Zusage für eine Machbarkeitsstudie für die Elektrifizierung der Oberfranken-Achse

Landrat Klaus Peter Söllner und Landrat Dr. Oliver Bär als Sprecher der 2017 gegründeten Interessengemeinschaft Elektrifizierung der Oberfranken-Achse (IGE) freuen sich über die Zusage der Staatsministerin für Wohnen, Bau und Verkehr, Frau Kerstin Schreyer, über die Förderung einer Machbarkeitsstudie zur Prüfung der Elektrifizierung und entsprechenden Ausbauvorhaben für die Oberfranken-Achse, die im Rahmen der bayerischen Exit-Strategie für den Dieselbetrieb geprüft werden soll.

Landrat Klaus Peter Söllner und MdB Emmi Zeulner hatten auf deren Einladung hin bei einem Besuch des Amtschefs des Staatsministeriums für Wohnen, Bau und Verkehr, Helmut Schütz, am 30.07.2021 im Landratsamt Kulmbach die Weiterentwicklung der Oberfranken-Achse als dringliches Ziel nochmals vorgestellt und in einem Schreiben vom 31.08.2021 an SM Kerstin Schreyer im Rahmen der neuen Klimaziele und des novellierten Gemeindeverkehrsfinanzierungsgesetzes umfassend dargestellt.

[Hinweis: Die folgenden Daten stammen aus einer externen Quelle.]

definition f :: "complex \<Rightarrow> complex \<Rightarrow> complex \<Rightarrow> complex \<Rightarrow> complex" where
  "f a k z q = (\<Sum>n. fterm a k z q (Suc n))"

definition f_denoms_nonzero :: "complex \<Rightarrow> complex \<Rightarrow> complex \<Rightarrow> complex \<Rightarrow> bool" where
  "f_denoms_nonzero a k z q \<longleftrightarrow> a \<noteq> 0 \<and> z \<noteq> 0 \<and>
     (\<forall>n. qpoch (csqrt k) q n \<noteq> 0 \<and> qpoch (- csqrt k) q n \<noteq> 0 \<and> qpoch (q * k) q n \<noteq> 0
          \<and> qpoch (q * k / z) q n \<noteq> 0 \<and> qpoch (q * a) q n \<noteq> 0)
     \<and> (\<forall>n\<ge>1. 1 - q ^ n \<noteq> 0)"

end

theory Submission
  imports Defs
begin

text \<open>Put \<open>H(w) = f(a,k,w,q) + f(-a,-k,w,q) - 2 f(a\<^sup>2,k\<^sup>2,w\<^sup>2,q\<^sup>2)\<close>. Writing the summands
  as differences of a telescoping sequence gives the contiguity relation
  \<open>f(a,k,w,q) - f(a,k,w/q,q) = q(a-k)w/((w-qa)(w-qk))\<close>, and these right-hand sides satisfy the
  claimed identity themselves, so \<open>H(w/q) = H(w)\<close>. Hence \<open>H(z) = lim H(z q\<^sup>-\<^sup>m)\<close>, and by
  Tannery's theorem this limit exists and does not depend on \<open>z\<close>. For \<open>w = q\<^sup>-\<^sup>j\<close> the series
  terminate, the contiguity relation holds without any growth condition and \<open>H(1) = 0\<close>, so
  \<open>H\<close> vanishes along \<open>q\<^sup>-\<^sup>j\<close> and the common limit is \<open>0\<close>.\<close>

lemma qpoch_0 [simp]: "qpoch x q 0 = 1"
  by (simp add: qpoch_def)

lemma qpoch_Suc: "qpoch x q (Suc n) = qpoch x q n * (1 - x * q ^ n)"
  by (simp add: qpoch_def)

lemma qpoch_add: "qpoch x q (m + n) = qpoch x q m * qpoch (x * q ^ m) q n"
  by (induction n) (simp_all add: qpoch_Suc power_add mult_ac)

lemma qpoch_Suc_left: "qpoch x q (Suc n) = (1 - x) * qpoch (x * q) q n"
  using qpoch_add[of x q 1 n] by (simp add: qpoch_def)

lemma qpoch_shift: "qpoch (x * q) q n * (1 - x) = qpoch x q n * (1 - x * q ^ n)"
  by (induction n) (simp_all add: qpoch_Suc mult_ac)

lemma qpoch_shift_nonzero:
  assumes "\<forall>n. qpoch x q n \<noteq> 0"
  shows "qpoch (x * q ^ m) q n \<noteq> 0"
  using assms[rule_format, of "m + n"] by (simp add: qpoch_add)

lemma qpoch_factor_nonzero:
  assumes "\<forall>n. qpoch x q n \<noteq> 0"
  shows "1 - x * q ^ j \<noteq> 0"
  using assms[rule_format, of "Suc j"] by (simp add: qpoch_Suc)

lemma qpoch_eq_0I:
  assumes "j < n" and "x * q ^ j = 1"
  shows "qpoch x q n = 0"
  using assms unfolding qpoch_def by (intro prod_zero) auto

lemma qpoch_mult_power:
  assumes "z \<noteq> 0"
  shows "qpoch z q n * (y / z) ^ n = y ^ n * (\<Prod>j<n. 1 / z - q ^ j)"
proof -
  have "qpoch z q n = (\<Prod>j<n. z * (1 / z - q ^ j))"
    unfolding qpoch_def using assms by (intro prod.cong) (auto simp: field_simps)
  also have "\<dots> = z ^ n * (\<Prod>j<n. 1 / z - q ^ j)"
    by (simp add: prod.distrib)
  finally show ?thesis
    using assms by (simp add: power_divide field_simps)
qed

lemma sum_power_le_geometric:
  fixes r :: real
  assumes "0 \<le> r" and "r < 1"
  shows "(\<Sum>j<n. r ^ j) \<le> 1 / (1 - r)"
proof -
  have "(\<Sum>j<n. r ^ j) \<le> (\<Sum>j. r ^ j)"
    by (rule sum_le_suminf) (use assms in \<open>auto intro: summable_geometric\<close>)
  also have "\<dots> = 1 / (1 - r)"
    using suminf_geometric[of r] assms by simp
  finally show ?thesis .
qed
lemma is_densityI:
  assumes "p \<in> borel_measurable borel" "\<And>x. 0 \<le> p x" "integrable lborel p"
    "(\<integral>x. p x \<partial>lborel) = 1"
  shows "is_density p"
  using assms nn_integral_eq_integral[OF assms(3)] by (simp add: is_density_def)

lemma measure_density_eq_integral:
  assumes "is_density p" "A \<in> sets borel"
  shows "measure (density lborel p) A = (\<integral>x. p x * indicator A x \<partial>lborel)"
proof -
  note P = is_densityD[OF assms(1)]
  have int: "integrable lborel (\<lambda>x. p x * indicator A x)"
    using P(3) assms(2) by (intro integrable_real_mult_indicator) simp_all
  have "emeasure (density lborel p) A = (\<integral>\<^sup>+ x. ennreal (p x * indicator A x) \<partial>lborel)"
    using P assms(2) by (subst emeasure_density) (auto intro!: nn_integral_cong simp: indicator_def)
  also have "\<dots> = ennreal (\<integral>x. p x * indicator A x \<partial>lborel)"
    using int P by (intro nn_integral_eq_integral) auto
  finally show ?thesis
    unfolding measure_def using P by (simp add: integral_nonneg indicator_def)
qed

lemma TV_dist_density_le_integral_abs_diff:
  assumes p: "is_density p" and q: "is_density q"
  shows "0 \<le> TV_dist (density lborel p) (density lborel q)"
    and "TV_dist (density lborel p) (density lborel q) \<le> (\<integral>x. \<bar>p x - q x\<bar> \<partial>lborel) / 2"
proof -
  note P = is_densityD[OF p] and Q = is_densityD[OF q]
  let ?L1 = "\<integral>x. \<bar>p x - q x\<bar> \<partial>lborel"
  have set_bound: "\<bar>measure (density lborel p) A - measure (density lborel q) A\<bar> \<le> ?L1 / 2"
    if A: "A \<in> sets borel" for A
  proof -
    define s :: "real \<Rightarrow> real" where "s x = 2 * indicator A x - 1" for x
    have s_abs: "\<bar>s x\<bar> = 1" for x by (cases "x \<in> A") (simp_all add: s_def)
    have "A \<in> sets lborel" using A by simp
    note int_A = integrable_real_mult_indicator[OF this]
    have s_expand: "(p x - q x) * s x
        = 2 * (p x * indicator A x) - 2 * (q x * indicator A x) - (p x - q x)" for x
      by (simp add: s_def algebra_simps)
    have int_s: "integrable lborel (\<lambda>x. (p x - q x) * s x)"
      unfolding s_expand using P(3) Q(3) int_A[OF P(3)] int_A[OF Q(3)] by simp
    have "2 * (measure (density lborel p) A - measure (density lborel q) A)
        = (\<integral>x. (p x - q x) * s x \<partial>lborel)"
      unfolding s_expand using P(3,4) Q(3,4) int_A[OF P(3)] int_A[OF Q(3)]
      by (simp add: measure_density_eq_integral[OF p A] measure_density_eq_integral[OF q A])
    also have "\<bar>\<dots>\<bar> \<le> ?L1"
      using int_s P(3) Q(3) by (intro integral_abs_bound_integral) (auto simp: abs_mult s_abs)
    finally show ?thesis unfolding abs_mult by simp
  qed
  have bdd: "bdd_above ((\<lambda>A. \<bar>measure (density lborel p) A - measure (density lborel q) A\<bar>) ` sets borel)"
    using set_bound by (intro bdd_aboveI2[where M = "?L1 / 2"]) auto
  show "0 \<le> TV_dist (density lborel p) (density lborel q)"
    unfolding TV_dist_def using cSUP_upper[OF _ bdd, of "{}"] by simp
  show "TV_dist (density lborel p) (density lborel q) \<le> ?L1 / 2"
    unfolding TV_dist_def using set_bound by (intro cSUP_least) auto
qed

lemma KL_div_eq_integral:
  assumes "integrable lborel (\<lambda>x. p x * ln (p x / q x))"
    and "AE x in lborel. q x = 0 \<longrightarrow> p x = 0"
  shows "KL_div p q = ereal (\<integral>x. p x * ln (p x / q x) \<partial>lborel)"
proof -
  let ?P = "\<integral>\<^sup>+ x. ennreal (p x * ln (p x / q x)) \<partial>lborel"
  let ?N = "\<integral>\<^sup>+ x. ennreal (- (p x * ln (p x / q x))) \<partial>lborel"
  have "?P \<noteq> \<infinity>" "?N \<noteq> \<infinity>" using assms(1) unfolding real_integrable_def by auto
  then have "enn2ereal ?P = ereal (enn2real ?P)" "enn2ereal ?N = ereal (enn2real ?N)"
    by (auto simp: ennreal_enn2real_if enn2ereal_ennreal[symmetric] top.not_eq_extremum
        simp del: enn2ereal_ennreal)
  then show ?thesis
    unfolding KL_div_def using assms(2) real_lebesgue_integral_def[OF assms(1)] by simp
qed

text \<open>The negative part of the KL integrand is at most q, so a finite bound on the
  divergence forces integrability.\<close>
lemma KL_div_finiteD:
  assumes p: "is_density p" and q: "is_density q" and KL: "KL_div p q \<le> ereal B"
  shows "AE x in lborel. q x = 0 \<longrightarrow> p x = 0"
    and "integrable lborel (\<lambda>x. p x * ln (p x / q x))"
    and "(\<integral>x. p x * ln (p x / q x) \<partial>lborel) \<le> B"
proof -
  note P = is_densityD[OF p] and Q = is_densityD[OF q]
  show ae: "AE x in lborel. q x = 0 \<longrightarrow> p x = 0"
  proof (rule ccontr)
    assume "\<not> ?thesis"
    then show False using KL by (simp add: KL_div_def)
  qed
  let ?h = "\<lambda>x. p x * ln (p x / q x)"
  let ?P = "\<integral>\<^sup>+ x. ennreal (?h x) \<partial>lborel"
  let ?N = "\<integral>\<^sup>+ x. ennreal (- ?h x) \<partial>lborel"
  have "?N \<le> (\<integral>\<^sup>+ x. ennreal (q x) \<partial>lborel)"
    using ae
  proof (intro nn_integral_mono_AE, eventually_elim)
    case (elim x)
    then show ?case
      using diff_le_mult_ln_divide[of "p x" "q x"] P(2)[of x] Q(2)[of x] by (intro ennreal_leI) auto
  qed
  also have "\<dots> < \<infinity>" using Q(3) Q(2) by (simp add: nn_integral_eq_integral)
  finally have "?N \<noteq> \<infinity>" by simp
  moreover have "KL_div p q = enn2ereal ?P - enn2ereal ?N"
    unfolding KL_div_def using ae by simp
  ultimately have "?P \<noteq> \<infinity>"
    using KL by (auto simp: enn2ereal_top)
  moreover have "?h \<in> borel_measurable lborel" using P(1) Q(1) by measurable
  ultimately show int: "integrable lborel ?h"
    using \<open>?N \<noteq> \<infinity>\<close> unfolding real_integrable_def by simp
  show "(\<integral>x. ?h x \<partial>lborel) \<le> B"
    using KL_div_eq_integral[OF int ae] KL by simp
qed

Landrat Klaus Peter Söllner: „Ein Entwicklungskonzept für die Oberfranken-Achse, welches die Konzepte für die verschiedenen Teilstrecken der Achse strukturiert, begründet und zeitlich priorisiert, ist notwendiger denn je! Die deutlich gestiegenen Vorgaben im Klimaschutz zur CO2-Reduzierung im Sektor Verkehr, gerade für die Elektrifizierung von Schienenstrecken, eröffnen neue Perspektiven für die Oberfranken-Achse.“

Die Bayerische Elektromobilitätsstrategie Schiene (BESS) der Bayerischen Staatsregierung sieht vor, dass der Schienenpersonennahverkehr bis 2040 klimaneutral ist. Dazu ist es nötig, Fahrzeuge mit Dieselantrieb durch alternative Antriebsformen zu ersetzen.

Die IGE Oberfranken-Achse hat sich 2017 zum Ziel gesetzt, langfristig bei der Infrastruktur der Schiene die Elektrifizierung und Zweigleisigkeit möglichst auf allen nicht elektrifizierten Teilstrecken in Oberfranken zu erreichen. Mit der Entscheidung des Bundes 2018 zur Einstufung der „Oberfranken-Achse“ (Projekt 8 ABS Hochstadt-Marktzeuln – Hof/Nürnberg – Bayreuth – Neuenmarkt-Wirsberg) in die Kategorie 2c des Bundesverkehrswegeplanes 2030 sieht dieser eine Teilelektrifizierung und die Prüfung von alternativen Betriebsformen vor.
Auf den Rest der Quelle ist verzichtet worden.